Once you reach the line containing "cosh x / sinh" in the entries below, write out that line and each one after it down to the line containing "(at x)) \<and>", exactly and with nothing added.

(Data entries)

* * * * *

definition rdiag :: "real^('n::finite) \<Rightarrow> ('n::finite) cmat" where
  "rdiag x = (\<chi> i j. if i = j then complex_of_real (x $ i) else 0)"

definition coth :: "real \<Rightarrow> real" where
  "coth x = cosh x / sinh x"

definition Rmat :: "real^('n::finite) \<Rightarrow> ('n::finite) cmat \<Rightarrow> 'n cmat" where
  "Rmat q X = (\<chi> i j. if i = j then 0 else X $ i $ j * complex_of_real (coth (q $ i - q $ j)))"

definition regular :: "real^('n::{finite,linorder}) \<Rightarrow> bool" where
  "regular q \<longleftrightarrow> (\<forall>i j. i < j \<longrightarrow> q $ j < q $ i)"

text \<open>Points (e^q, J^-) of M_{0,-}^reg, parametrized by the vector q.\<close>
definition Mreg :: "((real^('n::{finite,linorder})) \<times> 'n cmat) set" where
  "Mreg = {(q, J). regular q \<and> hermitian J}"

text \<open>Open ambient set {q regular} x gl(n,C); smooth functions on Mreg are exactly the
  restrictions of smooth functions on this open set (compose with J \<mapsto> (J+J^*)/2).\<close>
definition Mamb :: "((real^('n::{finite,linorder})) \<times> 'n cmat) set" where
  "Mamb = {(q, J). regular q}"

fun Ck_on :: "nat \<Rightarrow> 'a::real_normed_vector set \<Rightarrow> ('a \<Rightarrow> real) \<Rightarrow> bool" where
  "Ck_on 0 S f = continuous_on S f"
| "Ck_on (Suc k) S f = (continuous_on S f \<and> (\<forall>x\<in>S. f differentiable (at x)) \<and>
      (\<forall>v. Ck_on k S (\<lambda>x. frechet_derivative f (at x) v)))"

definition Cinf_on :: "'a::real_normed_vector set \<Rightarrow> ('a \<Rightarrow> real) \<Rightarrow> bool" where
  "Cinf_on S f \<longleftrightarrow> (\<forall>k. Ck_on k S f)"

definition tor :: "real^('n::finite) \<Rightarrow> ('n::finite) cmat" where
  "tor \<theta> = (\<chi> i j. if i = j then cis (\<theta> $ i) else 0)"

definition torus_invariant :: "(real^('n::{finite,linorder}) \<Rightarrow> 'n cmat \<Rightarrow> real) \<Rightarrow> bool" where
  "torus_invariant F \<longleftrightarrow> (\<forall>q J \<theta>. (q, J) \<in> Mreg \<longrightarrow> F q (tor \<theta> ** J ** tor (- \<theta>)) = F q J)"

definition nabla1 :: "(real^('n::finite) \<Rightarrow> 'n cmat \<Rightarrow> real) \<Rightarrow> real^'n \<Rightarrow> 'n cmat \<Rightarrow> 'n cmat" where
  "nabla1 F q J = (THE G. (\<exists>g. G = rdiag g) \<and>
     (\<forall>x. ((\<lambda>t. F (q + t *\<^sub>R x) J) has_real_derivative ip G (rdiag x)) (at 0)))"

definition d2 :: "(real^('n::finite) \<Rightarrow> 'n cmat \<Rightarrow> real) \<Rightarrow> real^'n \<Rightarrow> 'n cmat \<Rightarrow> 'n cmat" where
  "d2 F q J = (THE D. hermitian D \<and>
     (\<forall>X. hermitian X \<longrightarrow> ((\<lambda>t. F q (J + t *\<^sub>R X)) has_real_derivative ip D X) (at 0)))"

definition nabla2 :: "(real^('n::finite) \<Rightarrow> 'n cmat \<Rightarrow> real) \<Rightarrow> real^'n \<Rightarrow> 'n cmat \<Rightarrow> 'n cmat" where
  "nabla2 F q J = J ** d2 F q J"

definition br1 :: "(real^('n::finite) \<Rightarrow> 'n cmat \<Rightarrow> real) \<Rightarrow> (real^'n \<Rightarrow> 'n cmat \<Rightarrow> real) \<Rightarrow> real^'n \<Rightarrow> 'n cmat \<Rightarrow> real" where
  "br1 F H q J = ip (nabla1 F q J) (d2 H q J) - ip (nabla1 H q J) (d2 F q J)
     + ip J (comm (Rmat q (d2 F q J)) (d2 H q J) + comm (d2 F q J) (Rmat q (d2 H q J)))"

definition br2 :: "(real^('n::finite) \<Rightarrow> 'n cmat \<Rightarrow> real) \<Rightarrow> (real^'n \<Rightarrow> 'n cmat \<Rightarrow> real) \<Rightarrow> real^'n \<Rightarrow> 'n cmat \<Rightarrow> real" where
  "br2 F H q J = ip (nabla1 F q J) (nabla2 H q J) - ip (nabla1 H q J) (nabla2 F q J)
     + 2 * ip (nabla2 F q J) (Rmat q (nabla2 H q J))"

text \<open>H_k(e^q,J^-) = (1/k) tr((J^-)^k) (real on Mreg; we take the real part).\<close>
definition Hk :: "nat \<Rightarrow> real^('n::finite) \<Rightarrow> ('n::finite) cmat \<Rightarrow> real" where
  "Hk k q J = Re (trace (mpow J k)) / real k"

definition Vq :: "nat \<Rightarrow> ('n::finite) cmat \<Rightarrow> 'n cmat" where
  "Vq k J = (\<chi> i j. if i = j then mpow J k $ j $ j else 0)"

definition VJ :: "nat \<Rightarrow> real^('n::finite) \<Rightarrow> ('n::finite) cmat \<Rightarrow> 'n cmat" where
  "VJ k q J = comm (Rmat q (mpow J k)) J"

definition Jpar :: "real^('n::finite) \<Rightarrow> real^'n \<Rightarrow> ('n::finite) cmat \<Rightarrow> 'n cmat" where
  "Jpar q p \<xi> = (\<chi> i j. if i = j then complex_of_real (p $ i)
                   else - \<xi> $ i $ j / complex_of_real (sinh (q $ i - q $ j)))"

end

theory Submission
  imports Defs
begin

* * * * *

• **The answer**:
  "coth x = cosh x / sinh x"

definition Rmat :: "real^('n::finite) \<Rightarrow> ('n::finite) cmat \<Rightarrow> 'n cmat" where
  "Rmat q X = (\<chi> i j. if i = j then 0 else X $ i $ j * complex_of_real (coth (q $ i - q $ j)))"

definition regular :: "real^('n::{finite,linorder}) \<Rightarrow> bool" where
  "regular q \<longleftrightarrow> (\<forall>i j. i < j \<longrightarrow> q $ j < q $ i)"

text \<open>Points (e^q, J^-) of M_{0,-}^reg, parametrized by the vector q.\<close>
definition Mreg :: "((real^('n::{finite,linorder})) \<times> 'n cmat) set" where
  "Mreg = {(q, J). regular q \<and> hermitian J}"

text \<open>Open ambient set {q regular} x gl(n,C); smooth functions on Mreg are exactly the
  restrictions of smooth functions on this open set (compose with J \<mapsto> (J+J^*)/2).\<close>
definition Mamb :: "((real^('n::{finite,linorder})) \<times> 'n cmat) set" where
  "Mamb = {(q, J). regular q}"

fun Ck_on :: "nat \<Rightarrow> 'a::real_normed_vector set \<Rightarrow> ('a \<Rightarrow> real) \<Rightarrow> bool" where
  "Ck_on 0 S f = continuous_on S f"
| "Ck_on (Suc k) S f = (continuous_on S f \<and> (\<forall>x\<in>S. f differentiable (at x)) \<and>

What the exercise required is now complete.